This Boolean Retrieval System provides a simple yet powerful way to search through a collection of documents using Boolean search queries. It supports exact phrase queries and can be easily extended to handle more complex searches involving logical operators such as AND, OR, and NOT. Built with Python and Streamlit, this project showcases a basic implementation of the Boolean retrieval model, foundational to understanding search engines and information retrieval systems.
- Exact Phrase Search: Search for documents containing an exact sequence of words.
- Normalization: Converts all text to lowercase to ensure case-insensitive matching.
- Stemming: Reduces words to their root form, enabling the matching of different forms of a word.
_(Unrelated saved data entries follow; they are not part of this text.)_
lemma event_matching_configuration:
  assumes f: "f \<in> test_vectors q n u" and M: "M \<in> hypermatchings k n m"
  defines "Jo \<equiv> O_set q n f M" and "Je \<equiv> E_set q n f M"
  defines "x \<equiv> (Jo, Je, restrict (block_of M) Jo, restrict (block_of M) Je)"
  shows "x \<in> configurations m u (card Jo) (card Je) (card (K_set q f M)) (card (block_of M ` Je))"
    and "M \<in> configuration_matchings k n m x"
proof -
  have support: "Jo \<subseteq> {1..u}" "Je \<subseteq> {1..u}"
    using test_vector_nonzero(1)[OF f] by (auto simp: Jo_def Je_def O_set_def E_set_def)
  have "restrict (block_of M) Jo \<in> block_assignments m Jo (card (K_set q f M))"
    using O_set_block(1)[OF M] image_block_of_O_set[OF M] by (auto simp: block_assignments_def Jo_def)
  moreover have "restrict (block_of M) Je \<in> block_assignments m Je (card (block_of M ` Je))"
    using E_set_block(1)[OF M] by (auto simp: block_assignments_def Je_def)
  ultimately show "x \<in> configurations m u (card Jo) (card Je) (card (K_set q f M)) (card (block_of M ` Je))"
    using support O_set_Int_E_set[OF M] by (simp add: configurations_def x_def Jo_def Je_def)
  have "\<forall>j\<in>Jo \<union> Je. block_of M j < m \<and> j \<in> M ! block_of M j"
    using O_set_block[OF M] E_set_block[OF M] by (auto simp: Jo_def Je_def)
  then show "M \<in> configuration_matchings k n m x"
    using M by (auto simp: configuration_matchings_def placing_matchings_def x_def)
qed

lemma card_configuration_matchings_le:
  assumes "x \<in> configurations m u oo \<eta> \<kappa> r" "u \<le> n"
  shows "real (card (configuration_matchings k n m x))
       \<le> real (card (hypermatchings k n m)) * (real k ^ (oo + \<eta>) / real (falling_fact n (oo + \<eta>)))"
proof -
  obtain Jo Je g h where x: "x = (Jo, Je, g, h)"
    by (metis prod_cases4)
  have sub: "Jo \<union> Je \<subseteq> {1..n}" and card: "card (Jo \<union> Je) = oo + \<eta>"
    and "oo + \<eta> \<le> n"
    using configurations_memD[OF assms(1)[unfolded x]] assms(2) by auto
  have "finite (Jo \<union> Je)"
    using sub by (rule finite_subset) simp
  from card_placing_matchings_mult_falling_fact_le[OF this sub]
  have "real (card (configuration_matchings k n m x) * falling_fact n (oo + \<eta>))
      \<le> real (k ^ (oo + \<eta>) * card (hypermatchings k n m))"
    by (simp only: of_nat_le_iff) (simp add: x configuration_matchings_def card)
  moreover have "0 < falling_fact n (oo + \<eta>)"
    using \<open>oo + \<eta> \<le> n\<close> by (rule falling_fact_pos)
  ultimately show ?thesis
    by (simp add: field_simps)
qed

lemma event_subset_configuration_matchings:
  assumes "f \<in> test_vectors q n u"
  shows "{M \<in> hypermatchings k n m. card (K_set q f M) = \<kappa> \<and> card (E_set q n f M) = \<eta> \<and> card (O_set q n f M) = oo}
    \<subseteq> (\<Union>r\<in>{r. 2 * r \<le> \<eta> \<and> oo + \<eta> \<le> k * (\<kappa> + r)}.
         \<Union>x\<in>configurations m u oo \<eta> \<kappa> r. configuration_matchings k n m x)"
proof clarify
  fix M assume M: "M \<in> hypermatchings k n m"
  let ?r = "card (block_of M ` E_set q n f M)"
  have "2 * ?r \<le> card (E_set q n f M)"
    "card (O_set q n f M) + card (E_set q n f M) \<le> k * (card (K_set q f M) + ?r)"
    using two_mult_card_blocks_E_set_le[OF assms M] card_O_set_add_card_E_set_le[OF M] by simp_all
  with event_matching_configuration[OF assms M]
  show "M \<in> (\<Union>r\<in>{r. 2 * r \<le> card (E_set q n f M)
           \<and> card (O_set q n f M) + card (E_set q n f M) \<le> k * (card (K_set q f M) + r)}.
         \<Union>x\<in>configurations m u (card (O_set q n f M)) (card (E_set q n f M)) (card (K_set q f M)) r.
           configuration_matchings k n m x)"
    by blast
qed

lemma event_prob_le_sum:
  fixes k oo \<eta> \<kappa> :: nat
  assumes f: "f \<in> test_vectors q n u"
  defines "R \<equiv> {r. 2 * r \<le> \<eta> \<and> oo + \<eta> \<le> k * (\<kappa> + r)}"
  shows "event_prob k n m q f oo \<eta> \<kappa>
       \<le> (\<Sum>r\<in>R. real (card (configurations m u oo \<eta> \<kappa> r))
                   * (real k ^ (oo + \<eta>) / real (falling_fact n (oo + \<eta>))))"
    (is "_ \<le> (\<Sum>r\<in>R. real (card (?C r)) * ?w)")
proof -
  let ?HM = "hypermatchings k n m"
  let ?Ev = "{M \<in> ?HM. card (K_set q f M) = \<kappa> \<and> card (E_set q n f M) = \<eta> \<and> card (O_set q n f M) = oo}"
  have finite_R: "finite R"
    by (rule finite_subset[of _ "{..\<eta>}"]) (auto simp: R_def)
  have "card ?Ev \<le> card (\<Union>r\<in>R. \<Union>x\<in>?C r. configuration_matchings k n m x)"
    using event_subset_configuration_matchings[OF f] finite_R finite_configurations
    by (intro card_mono) (auto simp: R_def configuration_matchings_def finite_placing_matchings)
  also have "\<dots> \<le> (\<Sum>r\<in>R. \<Sum>x\<in>?C r. card (configuration_matchings k n m x))"
    using finite_R finite_configurations by (intro order_trans[OF card_UN_le] sum_mono card_UN_le)
  finally have "real (card ?Ev) \<le> real (\<Sum>r\<in>R. \<Sum>x\<in>?C r. card (configuration_matchings k n m x))"
    by (simp only: of_nat_le_iff)
  also have "\<dots> = (\<Sum>r\<in>R. \<Sum>x\<in>?C r. real (card (configuration_matchings k n m x)))"
    by simp
  also have "\<dots> \<le> (\<Sum>r\<in>R. real (card (?C r)) * (real (card ?HM) * ?w))"
  proof (rule sum_mono)
    fix r
    show "(\<Sum>x\<in>?C r. real (card (configuration_matchings k n m x))) \<le> real (card (?C r)) * (real (card ?HM) * ?w)"
      using sum_bounded_above[of "?C r" "\<lambda>x. real (card (configuration_matchings k n m x))"]
        card_configuration_matchings_le f by (blast dest: test_vectors_le)
  qed
  finally show ?thesis
    by (cases "card ?HM = 0")
      (simp_all add: event_prob_def divide_le_eq sum_distrib_left sum_nonneg ac_simps)
qed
- Web Interface: A simple and user-friendly web interface powered by Streamlit, allowing users to input search queries and view matching documents.
- Python 3.6 or higher
- pip
-
Clone the repository:
git clone git@github.com:Sohoxic/Boolean-Retrieval-System.git cd boolean-retrieval-system
-
Install dependencies:
-
It's recommended to create a virtual environment:
python -m venv venv source venv/bin/activate # On Windows use `venv\Scripts\activate`
-
Install the required packages:
pip install -r requirements.txt
-
-
Run the Streamlit App:
streamlit run app.py
Navigate to the URL provided in your terminal to interact with the application.
Once the application is running, you can perform searches by entering queries into the search box on the web interface. The system currently supports exact phrase searches. To search for an exact phrase, enclose the phrase in double quotes (e.g., "quick brown fox"
).
- Complex Boolean Queries: Enhance the search functionality to handle complex Boolean queries involving AND, OR, and NOT operators.
- Ranking Results: Implement a ranking mechanism to order the search results based on relevance.
- Document Upload: Add functionality to upload and index new documents through the web interface.
Contributions to the Boolean Retrieval System are welcome! Please read CONTRIBUTING.md
for details on our code of conduct and the process for submitting pull requests.
This project is licensed under the MIT License - see the LICENSE file for details.